The basic cash assistance safety net for jobless families and individuals that do not qualify for UI benefits is far weaker than in past recessions. Only about 40 percent of families that qualify for cash assistance under Temporary Assistance For Needy Families (TANF) actually receive that aid (and the help in preparing for and finding jobs that should come with it), while in the recessions of the early 1980s and early 1990s, about 80 percent of poor families eligible for cash assistance received it. In addition, the safety net of last resort for jobless individuals without children—state general assistance programs—has essentially disappeared.

Relief for Homeowners.

Too many homeowners are being needlessly thrown out of their homes. James Galbraith has proposed a foreclosure moratorium that would buy time while a Homeowner Loan Corporation is established to rewrite millions of unsustainable mortgages.

Regulation.

In testimony before the House Financial Services Committee, Robert Kuttner described the financial abuses of the 1920s, the effort in the 1930s to create a financial system that would prevent repetition of those abuses, and the steady dismantling of those safeguards over the last three decades in the name of free markets. According to Kuttner, "Although the particulars are different, my reading of financial history suggests that the abuses and risks are all too similar and enduring. When you strip them down to their essence, they are variations on a few hardy perennials—excessive leveraging, misrepresentation, insider conflicts of interest, non-transparency, [End Page 65] and the triumph of engineered euphoria over evidence."

In an important speech during the primary campaign, Obama demonstrated that he clearly understands the need to re-regulate.

We need to regulate institutions for what they do, not what they are. Over the last few years, commercial banks and thrift institutions were subject to guidelines on subprime mortgages that did not apply to mortgage brokers and companies. It makes no sense for the Fed to tighten mortgage guidelines for banks when two-thirds of subprime mortgages don't originate from banks. This regulatory framework has failed to protect homeowners, and it is now clear that it made no sense for our financial system.

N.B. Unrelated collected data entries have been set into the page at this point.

definition ypt :: "nat \<Rightarrow> real \<Rightarrow> nat \<Rightarrow> real" where
  "ypt n D k = 2 * (real k - 1) * Delta n D - D"

definition zpt :: "nat \<Rightarrow> real \<Rightarrow> nat \<Rightarrow> real" where
  "zpt n D k = ypt n D k + Delta n D"

definition gauss_pdf :: "real \<Rightarrow> real \<Rightarrow> real" where
  "gauss_pdf x \<sigma> = exp (- x\<^sup>2 / (2 * \<sigma>\<^sup>2)) / (sqrt (2 * pi) * \<sigma>)"

definition mix_density :: "nat \<Rightarrow> real \<Rightarrow> real \<Rightarrow> real \<Rightarrow> real" where
  "mix_density n D t x = (1 / real n) * (\<Sum>k=1..n. gauss_pdf (x - ypt n D k) (sqrt t))"

text \<open>At the breakpoints z_k the two adjacent formulas
  in the paper differ; we use the left-closed convention (y_k for x in (z_{k-1}, z_k]),
  which is immaterial for the integral (measure-zero set).\<close>
definition esf :: "nat \<Rightarrow> real \<Rightarrow> real \<Rightarrow> real \<Rightarrow> real" where
  "esf n D t x =
     (if x \<le> zpt n D 1 then (ypt n D 1 - x) / t
      else if x \<ge> zpt n D (n - 1) then (ypt n D n - x) / t
      else (ypt n D (LEAST k. 2 \<le> k \<and> k \<le> n - 1 \<and> x \<le> zpt n D k) - x) / t)"

end

theory Submission
  imports Defs "HOL-Probability.Distributions"
begin
lemma kernel_star_factors:
  assumes ks: "kernel_star C N f s1 s2" and t: "star C N t1 t2" "Cod C t1 = Dom C f"
    and eq: "Comp C f t1 = Comp C f t2"
  obtains v where "v \<in> Ar C" "Dom C v = Dom C t1" "Cod C v = Dom C s1"
    "Comp C s1 v = t1" "Comp C s2 v = t2"
proof -
  obtain p1 p2 k where kp: "kernel_pair C f p1 p2" and k: "N_kernel C N p1 k"
    and s: "s1 = Comp C p1 k" "s2 = Comp C p2 k"
    using ks by (rule kernel_starE)
  note pD = kernel_pairD[OF kp] and kD = N_kernelD[OF k]
  have tD: "t1 \<in> Ar C" "t2 \<in> Ar C" "Dom C t1 = Dom C t2" "Cod C t2 = Dom C f" "t1 \<in> N"
    using t unfolding star_def parallel_def by auto
  obtain u where u: "u \<in> Ar C" "Dom C u = Dom C t1" "Cod C u = Dom C p1"
    "Comp C p1 u = t1" "Comp C p2 u = t2"
    using kernel_pair_factors[OF kp tD(1,2) t(2) tD(4,3) eq] .
  obtain v where v: "v \<in> Ar C" "Dom C v = Dom C u" "Cod C v = Dom C k" "Comp C k v = u"
    using N_kernel_factors[OF k u(1,3)] u(4) tD(5) by blast
  show ?thesis
    using that[of v] v u s pD(1-6) kD(2,3) by simp
qed

lemma kernel_star_exists:
  assumes "finitely_complete C" "has_N_kernels C N" "f \<in> Ar C"
  obtains s1 s2 where "kernel_star C N f s1 s2"
proof -
  obtain p1 p2 where kp: "kernel_pair C f p1 p2"
    using assms(1,3) unfolding finitely_complete_def kernel_pair_def by blast
  moreover obtain k where "N_kernel C N p1 k"
    using assms(2) kernel_pairD(2)[OF kp] unfolding has_N_kernels_def by blast
  ultimately have "kernel_star C N f (Comp C p1 k) (Comp C p2 k)"
    using kernel_pairD[OF kp] unfolding kernel_star_def star_of_def parallel_def by (intro exI) auto
  then show ?thesis by (rule that)
qed
lemma sin_ray_curve_in_obj_G:
  assumes "diffeology X D" "(n, U, p) \<in> obj_G D x" "v \<in> Rn n"
    and segment: "\<And>s. \<bar>s\<bar> \<le> 1 \<Longrightarrow> (\<lambda>j. s * v j) \<in> U"
  defines "c \<equiv> (1, Rn 1, restrict (p \<circ> sin_ray v) (Rn 1))"
  shows "c \<in> obj_G D x" and "mor_rep c (n, U, p) (Rn 1, sin_ray v)"
proof -
  have p: "(n, U, p) \<in> D" "origin \<in> U" "p origin = x"
    using assms(2) by (auto simp: obj_G_def)
  have image: "sin_ray v ` Rn 1 \<subseteq> U"
    using segment abs_sin_le_one by (auto simp: sin_ray_def)
  have "(1, Rn 1, restrict (p \<circ> sin_ray v) (Rn 1)) \<in> D"
  proof -
    have "\<forall>n U p m V g. (n, U, p) \<in> D \<and> open_in_Rn m V \<and> g ` V \<subseteq> U \<and> smooth_map m V g
        \<longrightarrow> (m, V, restrict (p \<circ> g) V) \<in> D"
      using assms(1) unfolding diffeology_def by (elim conjE) assumption
    then show ?thesis
      using p(1) open_in_Rn_self image smooth_map_sin_ray by blast
  qed
  moreover have "origin \<in> Rn 1" "sin_ray v origin = origin"
    by (simp_all add: Rn_def origin_def sin_ray_def fun_eq_iff)
  ultimately show "c \<in> obj_G D x" "mor_rep c (n, U, p) (Rn 1, sin_ray v)"
    using connected_Rn_1 p(3) open_in_Rn_self image smooth_map_sin_ray
    by (auto simp: obj_G_def mor_rep_def c_def)
qed

lemma cocone_G_push:
  assumes "cocone_G D x \<phi>" "p \<in> obj_G D x" "q \<in> obj_G D x" "mor_rep p q r" "v \<in> Rn (fst p)"
  shows "\<phi> q (push (fst p) (fst q) (snd r) v) = \<phi> p v"
  using assms unfolding cocone_G_def by blast

lemma linear_on_Rn_eq_if_eq_on_multiple:
  assumes "linear_on_Rn n f" "linear_on_Rn n h" "v \<in> Rn n" "a \<noteq> 0"
    and "f (\<lambda>i. a * v i) = h (\<lambda>i. a * v i)"
  shows "f v = h v"
proof -
  have "(\<lambda>i. a * v i) \<in> Rn n"
    using assms(3) by (simp add: Rn_def)
  then have "f (\<lambda>i. inverse a * (a * v i)) = h (\<lambda>i. inverse a * (a * v i))"
    using assms(1,2,5) unfolding linear_on_Rn_def by metis
  moreover have "(\<lambda>i. inverse a * (a * v i)) = v"
    using assms(4) by (simp add: fun_eq_iff)
  ultimately show ?thesis
    by simp
qed

lemma cocones_eq_on_curves_if_eq_on_generating_set:
  assumes "local_generating_set D x C" "cocone_G D x \<phi>" "cocone_G D x \<psi>"
    and "\<forall>q\<in>C. \<forall>v\<in>Rn (fst q). \<phi> q v = \<psi> q v"
    and "c \<in> obj_G D x" "fst c = 1" "fst (snd c) = Rn 1" "v \<in> Rn 1"
  shows "\<phi> c v = \<psi> c v"
proof -
  obtain q r where q: "q \<in> C" "mor_rep c q r"
    using assms(1,5-7) unfolding local_generating_set_def by blast
  then have "q \<in> obj_G D x"
    using assms(1) unfolding local_generating_set_def by blast
  moreover have "push 1 (fst q) (snd r) v \<in> Rn (fst q)"
    by (simp add: push_def Rn_def)
  ultimately show ?thesis
    using cocone_G_push[OF assms(2,5)] cocone_G_push[OF assms(3,5)] q assms(4,6,8)
    by metis
qed

lemma cocones_eq_if_eq_on_curves:
  assumes "diffeology X D" "cocone_G D x \<phi>" "cocone_G D x \<psi>"
    and curves: "\<And>c v. c \<in> obj_G D x \<Longrightarrow> fst c = 1 \<Longrightarrow> fst (snd c) = Rn 1 \<Longrightarrow> v \<in> Rn 1
      \<Longrightarrow> \<phi> c v = \<psi> c v"
    and "(n, U, p) \<in> obj_G D x" "v \<in> Rn n"
  shows "\<phi> (n, U, p) v = \<psi> (n, U, p) v"
proof -
  let ?P = "(n, U, p)"
  have "open_in_Rn n U" "origin \<in> U"
    using assms(1,5) unfolding obj_G_def diffeology_def by auto
  then obtain d where d: "d > 0" "\<And>s. \<bar>s\<bar> < d \<Longrightarrow> (\<lambda>j. s * v j) \<in> U"
    using open_in_Rn_contains_small_multiples assms(6) by metis
  define w where "w = (\<lambda>j. d / 2 * v j)"
  have w: "w \<in> Rn n"
    using assms(6) by (simp add: w_def Rn_def)
  have segment: "(\<lambda>j. s * w j) \<in> U" if "\<bar>s\<bar> \<le> 1" for s
  proof -
    have "\<bar>s * (d / 2)\<bar> < d"
      using that d(1) by (auto simp: abs_mult)
    moreover have "(\<lambda>j. s * w j) = (\<lambda>j. s * (d / 2) * v j)"
      by (simp add: w_def fun_eq_iff)
    ultimately show ?thesis
      using d(2) by metis
  qed
  define c where "c = (1::nat, Rn 1, restrict (p \<circ> sin_ray w) (Rn 1))"
  note curve = sin_ray_curve_in_obj_G[OF assms(1,5) w segment, folded c_def]
  have e0: "origin(0 := 1) \<in> Rn (fst c)"
    by (simp add: c_def Rn_def origin_def)
  have "\<phi> ?P w = \<phi> c (origin(0 := 1))"
    using cocone_G_push[OF assms(2) curve(1) assms(5) curve(2) e0] push_sin_ray[OF w]
    by (simp add: c_def)
  also have "\<dots> = \<psi> c (origin(0 := 1))"
    using curves curve(1) e0 by (simp add: c_def)
  also have "\<dots> = \<psi> ?P w"
    using cocone_G_push[OF assms(3) curve(1) assms(5) curve(2) e0] push_sin_ray[OF w]
    by (simp add: c_def)
  finally have "\<phi> ?P w = \<psi> ?P w" .
  moreover have "linear_on_Rn n (\<phi> ?P)" "linear_on_Rn n (\<psi> ?P)"
    using assms(2,3,5) unfolding cocone_G_def by auto
  ultimately show ?thesis
    using linear_on_Rn_eq_if_eq_on_multiple[of n "\<phi> ?P" "\<psi> ?P" v "d / 2"] assms(6) d(1)
    by (simp add: w_def)
qed

theorem proposition3p3:
  fixes X :: "'a set" and D :: "'a plot set" and x :: 'a
    and Ob :: "'a plot set"
    and Mo :: "('a plot \<times> 'a plot \<times> ((nat \<Rightarrow> real) set \<times> ((nat \<Rightarrow> real) \<Rightarrow> (nat \<Rightarrow> real))) set) set"
    and \<phi> \<psi> :: "'a plot \<Rightarrow> (nat \<Rightarrow> real) \<Rightarrow> 'w::real_vector"
  assumes "diffeology X D" and "x \<in> X"
    and "local_generating_category D x Ob Mo"
    and "cocone_G D x \<phi>" and "cocone_G D x \<psi>"
    and "\<forall>p\<in>Ob. \<forall>v\<in>Rn (fst p). \<phi> p v = \<psi> p v"
  shows "\<forall>p\<in>obj_G D x. \<forall>v\<in>Rn (fst p). \<phi> p v = \<psi> p v"
proof (intro ballI)
  fix P v assume "P \<in> obj_G D x" "v \<in> Rn (fst P)"
  moreover have "local_generating_set D x Ob"
    using assms(3) unfolding local_generating_category_def by blast
  ultimately show "\<phi> P v = \<psi> P v"
    using cocones_eq_if_eq_on_curves[OF assms(1,4,5)]
      cocones_eq_on_curves_if_eq_on_generating_set[OF _ assms(4,5,6)]
    by (cases P) auto
qed

end
lemma weighted_inner_minus_coercive:
  fixes A :: "real^'n \<Rightarrow> real^'n"
  assumes "linear A" and pos: "\<And>h. h \<noteq> 0 \<Longrightarrow> A h \<bullet> h < weighted_inner w h h"
  obtains \<mu> where "\<mu> > 0" and "\<And>h. \<mu> * (norm h)\<^sup>2 \<le> weighted_inner w h h - A h \<bullet> h"
proof (rule homogeneous_quadratic_coercive)
  have "continuous_on UNIV A"
    using \<open>linear A\<close> by (simp add: linear_continuous_on linear_conv_bounded_linear)
  then show "continuous_on UNIV (\<lambda>h. weighted_inner w h h - A h \<bullet> h)"
    unfolding weighted_inner_def by (intro continuous_intros)
  show "weighted_inner w (t *\<^sub>R h) (t *\<^sub>R h) - A (t *\<^sub>R h) \<bullet> (t *\<^sub>R h)
      = t\<^sup>2 * (weighted_inner w h h - A h \<bullet> h)" for t h
    using \<open>linear A\<close> by (simp add: weighted_inner_scaleR linear_scale power2_eq_square algebra_simps)
  show "h \<noteq> 0 \<Longrightarrow> weighted_inner w h h - A h \<bullet> h > 0" for h
    using pos[of h] by simp
qed (use that in blast)

lemma bounded_linear_matrix_plus_scaleR:
  fixes J :: "real^'n^'n"
  shows "bounded_linear (\<lambda>y. J *v y + c *\<^sub>R y)"
  by (rule bounded_linear_add[OF matrix_vector_mul_bounded_linear bounded_linear_scaleR_right])

lemma doch_map_eq: "doch_map J \<alpha> \<beta> y = (\<chi> i. root 3 ((J *v y + \<alpha> *\<^sub>R y) $ i / \<beta>))"
proof -
  have "(J + \<alpha> *\<^sub>R mat 1) *v y = J *v y + \<alpha> *\<^sub>R y"
    by (simp add: matrix_vector_mult_add_rdistrib flip: scaleR_matrix_vector_assoc)
  then show ?thesis
    by (simp add: doch_map_def divide_inverse mult.commute)
qed

lemma doch_map_fixed_point_cube:
  assumes "\<beta> \<noteq> 0" and "doch_map J \<alpha> \<beta> x = x"
  shows "\<beta> * x $ i ^ 3 = (J *v x + \<alpha> *\<^sub>R x) $ i"
proof -
  define r where "r = (J *v x + \<alpha> *\<^sub>R x) $ i / \<beta>"
  have "x $ i = root 3 r"
    using assms(2) by (metis doch_map_eq vec_lambda_beta r_def)
  then have "x $ i ^ 3 = r"
    by (simp add: odd_real_root_pow)
  then show ?thesis
    using assms(1) by (simp add: r_def field_simps)
qed

lemma doch_map_has_derivative:
  assumes "\<beta> \<noteq> 0" and nonzero: "\<And>i. doch_map J \<alpha> \<beta> x $ i \<noteq> 0"
  shows "(doch_map J \<alpha> \<beta> has_derivative
      (\<lambda>h. \<chi> i. (J *v h + \<alpha> *\<^sub>R h) $ i / (3 * \<beta> * (doch_map J \<alpha> \<beta> x $ i)\<^sup>2))) (at x)"
proof -
  define a where "a = (\<lambda>i y. (J *v y + \<alpha> *\<^sub>R y) $ i / \<beta>)"
  have T_eq: "doch_map J \<alpha> \<beta> = (\<lambda>y. \<chi> i. root 3 (a i y))"
    by (simp add: a_def doch_map_eq[abs_def])
  have "((\<lambda>y. root 3 (a i y)) has_derivative
      (\<lambda>h. (J *v h + \<alpha> *\<^sub>R h) $ i / (3 * \<beta> * (root 3 (a i x))\<^sup>2))) (at x)" for i
  proof -
    have "a i x \<noteq> 0"
      using nonzero[of i] by (simp add: T_eq)
    then have root_deriv: "DERIV (root 3) (a i x) :> inverse (3 * (root 3 (a i x))\<^sup>2)"
      using DERIV_odd_real_root[of 3 "a i x"] by simp
    have "bounded_linear (a i)"
      unfolding a_def
      by (intro bounded_linear_compose[OF bounded_linear_divide]
          bounded_linear_compose[OF bounded_linear_vec_nth] bounded_linear_matrix_plus_scaleR)
    then have "(a i has_derivative a i) (at x)"
      by (rule bounded_linear_imp_has_derivative)
    from DERIV_compose_FDERIV[OF root_deriv this]
    show ?thesis
      using \<open>\<beta> \<noteq> 0\<close> by (simp add: a_def field_simps)
  qed
  then show ?thesis
    unfolding T_eq vec_lambda_beta by (rule has_derivative_vec_lambda)
qed

lemma H_obj_expansion_at_critical_point:
  assumes symm: "transpose J = J"
    and critical: "\<And>i. \<beta> * x $ i ^ 3 = (J *v x + \<alpha> *\<^sub>R x) $ i"
  shows "H_obj J \<alpha> \<beta> (x + h) - H_obj J \<alpha> \<beta> x
    = (weighted_inner (\<lambda>i. 3 * \<beta> * (x $ i)\<^sup>2) h h - (J *v h + \<alpha> *\<^sub>R h) \<bullet> h) / 2
      + \<beta> * (\<Sum>i\<in>UNIV. x $ i * h $ i ^ 3 + h $ i ^ 4 / 4)"
proof -
  have linear_term: "h \<bullet> (J *v x) = (\<Sum>i\<in>UNIV. h $ i * (\<beta> * x $ i ^ 3 - \<alpha> * x $ i))"
    unfolding inner_vec_def by (intro sum.cong) (auto simp: critical)
  have "x \<bullet> (J *v h) = h \<bullet> (J *v x)"
    using matrix_vector_mult_inner_symmetric[OF symm, of x h] by (simp add: inner_commute)
  then have quadratic_term: "(x + h) \<bullet> (J *v (x + h)) = x \<bullet> (J *v x) + 2 * (h \<bullet> (J *v x)) + h \<bullet> (J *v h)"
    by (simp add: matrix_vector_right_distrib inner_add)
  have weighted_term: "weighted_inner (\<lambda>i. 3 * \<beta> * (x $ i)\<^sup>2) h h - (J *v h + \<alpha> *\<^sub>R h) \<bullet> h
      = (\<Sum>i\<in>UNIV. 3 * \<beta> * (x $ i)\<^sup>2 * h $ i * h $ i) - \<alpha> * (\<Sum>i\<in>UNIV. h $ i ^ 2) - h \<bullet> (J *v h)"
    unfolding weighted_inner_def
    by (simp add: inner_vec_def power2_eq_square sum.distrib sum_distrib_left algebra_simps)
  show ?thesis
    unfolding H_obj_def quadratic_term linear_term weighted_term
    by (simp add: sum_subtractf sum.distrib sum_distrib_left algebra_simps power2_eq_square
        power3_eq_cube power4_eq_xxxx sum_divide_distrib add_divide_distrib diff_divide_distrib)
qed

lemma doch_fixed_point_hessian_pos:
  fixes J :: "real^'n^'n"
  assumes symm: "transpose J = J" and "\<beta> > 0"
    and fixed: "doch_map J \<alpha> \<beta> x = x" and nonzero: "\<And>i. x $ i \<noteq> 0"
    and norm_less: "onorm (frechet_derivative (doch_map J \<alpha> \<beta>) (at x)) < 1"
    and "h \<noteq> 0"
  shows "(J *v h + \<alpha> *\<^sub>R h) \<bullet> h < weighted_inner (\<lambda>i. 3 * \<beta> * (x $ i)\<^sup>2) h h"
proof -
  define A where "A = (\<lambda>h::real^'n. J *v h + \<alpha> *\<^sub>R h)"
  define w where "w = (\<lambda>i. 3 * \<beta> * (x $ i)\<^sup>2)"
  define B where "B = (\<lambda>h. \<chi> i. A h $ i / w i)"
  have deriv: "(doch_map J \<alpha> \<beta> has_derivative B) (at x)"
    using doch_map_has_derivative[of \<beta> J \<alpha> x] \<open>\<beta> > 0\<close> nonzero
    unfolding fixed by (simp add: A_def B_def w_def)
  have w_pos: "w i > 0" for i
    using nonzero \<open>\<beta> > 0\<close> by (simp add: w_def)
  have A_symmetric: "A y \<bullet> z = y \<bullet> A z" for y z
    using matrix_vector_mult_inner_symmetric[OF symm]
    by (simp add: A_def inner_add_left inner_add_right)
  have contraction: "norm (B y) \<le> onorm B * norm y" for y
    by (rule onorm[OF has_derivative_bounded_linear[OF deriv]])
  have "onorm B < 1"
    using norm_less frechet_derivative_at[OF deriv] by simp
  have "A h \<bullet> h < weighted_inner w h h"
    using w_pos A_symmetric contraction \<open>onorm B < 1\<close> \<open>h \<noteq> 0\<close> unfolding B_def
    by (rule contraction_weighted_selfadjoint_less)
  then show ?thesis
    by (simp add: A_def w_def)
qed

lemma H_obj_strict_local_min_at_critical_point:
  fixes J :: "real^'n^'n"
  assumes symm: "transpose J = J" and "\<beta> \<ge> 0"
    and critical: "\<And>i. \<beta> * x $ i ^ 3 = (J *v x + \<alpha> *\<^sub>R x) $ i"
    and hessian_pos: "\<And>h. h \<noteq> 0 \<Longrightarrow> (J *v h + \<alpha> *\<^sub>R h) \<bullet> h < weighted_inner (\<lambda>i. 3 * \<beta> * (x $ i)\<^sup>2) h h"
  shows "strict_local_min (H_obj J \<alpha> \<beta>) x"
proof -
  define q where "q = (\<lambda>h. weighted_inner (\<lambda>i. 3 * \<beta> * (x $ i)\<^sup>2) h h - (J *v h + \<alpha> *\<^sub>R h) \<bullet> h)"
  have "linear (\<lambda>h. J *v h + \<alpha> *\<^sub>R h)"
    by (intro bounded_linear.linear bounded_linear_matrix_plus_scaleR)
  then obtain \<mu> where "\<mu> > 0" and coercive: "\<And>h. \<mu> * (norm h)\<^sup>2 \<le> q h"
    using weighted_inner_minus_coercive hessian_pos unfolding q_def by blast
  show ?thesis
  proof (rule strict_local_min_of_quadratic_growth)
    show "\<mu> / 2 > 0" and "\<beta> * norm x \<ge> 0"
      using \<open>\<mu> > 0\<close> \<open>\<beta> \<ge> 0\<close> by simp_all
    fix h
    have "\<mu> / 2 * (norm h)\<^sup>2 \<le> q h / 2"
      using coercive[of h] by simp
    moreover have "- (\<beta> * norm x * norm h ^ 3) \<le> \<beta> * (\<Sum>i\<in>UNIV. x $ i * h $ i ^ 3 + h $ i ^ 4 / 4)"
      using mult_left_mono[OF sum_cubic_quartic_ge \<open>\<beta> \<ge> 0\<close>] by (simp add: mult.assoc)
    ultimately show "\<mu> / 2 * (norm h)\<^sup>2 - \<beta> * norm x * norm h ^ 3 \<le> H_obj J \<alpha> \<beta> (x + h) - H_obj J \<alpha> \<beta> x"
      unfolding H_obj_expansion_at_critical_point[OF symm critical] q_def by linarith
  qed
qed

theorem propositionS11:
  fixes J :: "real^'n^'n" and \<alpha> \<beta> :: real
    and x :: "nat \<Rightarrow> real^'n" and xstar :: "real^'n"
  assumes symm: "transpose J = J"
    and diag0: "\<forall>i. J $ i $ i = 0"
    and apos: "\<alpha> > 0" and bpos: "\<beta> > 0"
    and lmin: "lambda_min (J + \<alpha> *\<^sub>R mat 1) > 0"
    and iter: "\<forall>k. x (Suc k) = doch_map J \<alpha> \<beta> (x k)"
    and lim: "x \<longlonglongrightarrow> xstar"
    and nz: "\<forall>i. xstar $ i \<noteq> 0"
    and jac: "doch_map J \<alpha> \<beta> differentiable (at xstar)"
    and jacnorm: "onorm (frechet_derivative (doch_map J \<alpha> \<beta>) (at xstar)) < 1"
  shows "strict_local_min (H_obj J \<alpha> \<beta>) xstar"
proof -
  have "isCont (doch_map J \<alpha> \<beta>) xstar"
    using jac by (simp add: differentiable_imp_continuous_within)
  with lim have fixed: "doch_map J \<alpha> \<beta> xstar = xstar"
    by (rule limit_of_iteration_is_fixed_point[rotated]) (simp add: iter)
  show ?thesis
  proof (rule H_obj_strict_local_min_at_critical_point[OF symm])
    show "\<beta> \<ge> 0"
      using bpos by simp
    show "\<beta> * xstar $ i ^ 3 = (J *v xstar + \<alpha> *\<^sub>R xstar) $ i" for i
      using bpos fixed by (simp add: doch_map_fixed_point_cube)
    show "(J *v h + \<alpha> *\<^sub>R h) \<bullet> h < weighted_inner (\<lambda>i. 3 * \<beta> * (xstar $ i)\<^sup>2) h h" if "h \<noteq> 0" for h
      using symm bpos fixed nz jacnorm that by (simp add: doch_fixed_point_hessian_pos)
  qed
qed

end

We are finally emerging from Ronald Reagan's shadow. The market has lost its "magic," but the cost has been great. We confront a recession that is going to get much worse at a time when the problems in American society—inadequate health care, lack of retirement security, poverty, inequality, stagnant wages—are increasing.

Once the financial mess gets straightened out, we need to build an economy whose benefits are more broadly shared. That means growth should result from rising wages rather than unsustainable borrowing. It also means health care for all Americans, a fairer and more progressive tax system, and an international economy without today's untenable imbalances.

This is a terrifying moment. But it also provides us with a once-in-a-lifetime chance to create a more equitable U.S. economy. [End Page 66]

Mark Levinson

Mark Levinson is chief economist for UNITE-HERE. In 2006-2007 he was the co-director of the Economic Policy Institute's Agenda for Shared Prosperity.

Footnotes

* As recently as 2005, when talking about the housing bubble, Alan Greenspan said that "widespread securitization of mortgages make[s] it less likely" that price declines would "have substantial macroeconomic implications." The very thing Greenspan thought would reduce risk, in fact, spread risk.

**. Dean Baker deserves special mention for sounding the alarm about our bubble economy for years. Eight years ago, he wrote in these pages, "It is hard to get a good view of the economic landscape from inside a bubble . . . There is likely to be a whole range of accounting and financial sins that will be exposed in the deflation of the bubble . . . .Many other forms of creative bookkeeping will come to light after a market crash has made them impossible to sustain. Only after the crash will it be possible to determine the extent to which the financial system is crippled." ("Holes in the 'New Economy,'" Dissent, Summer 2000).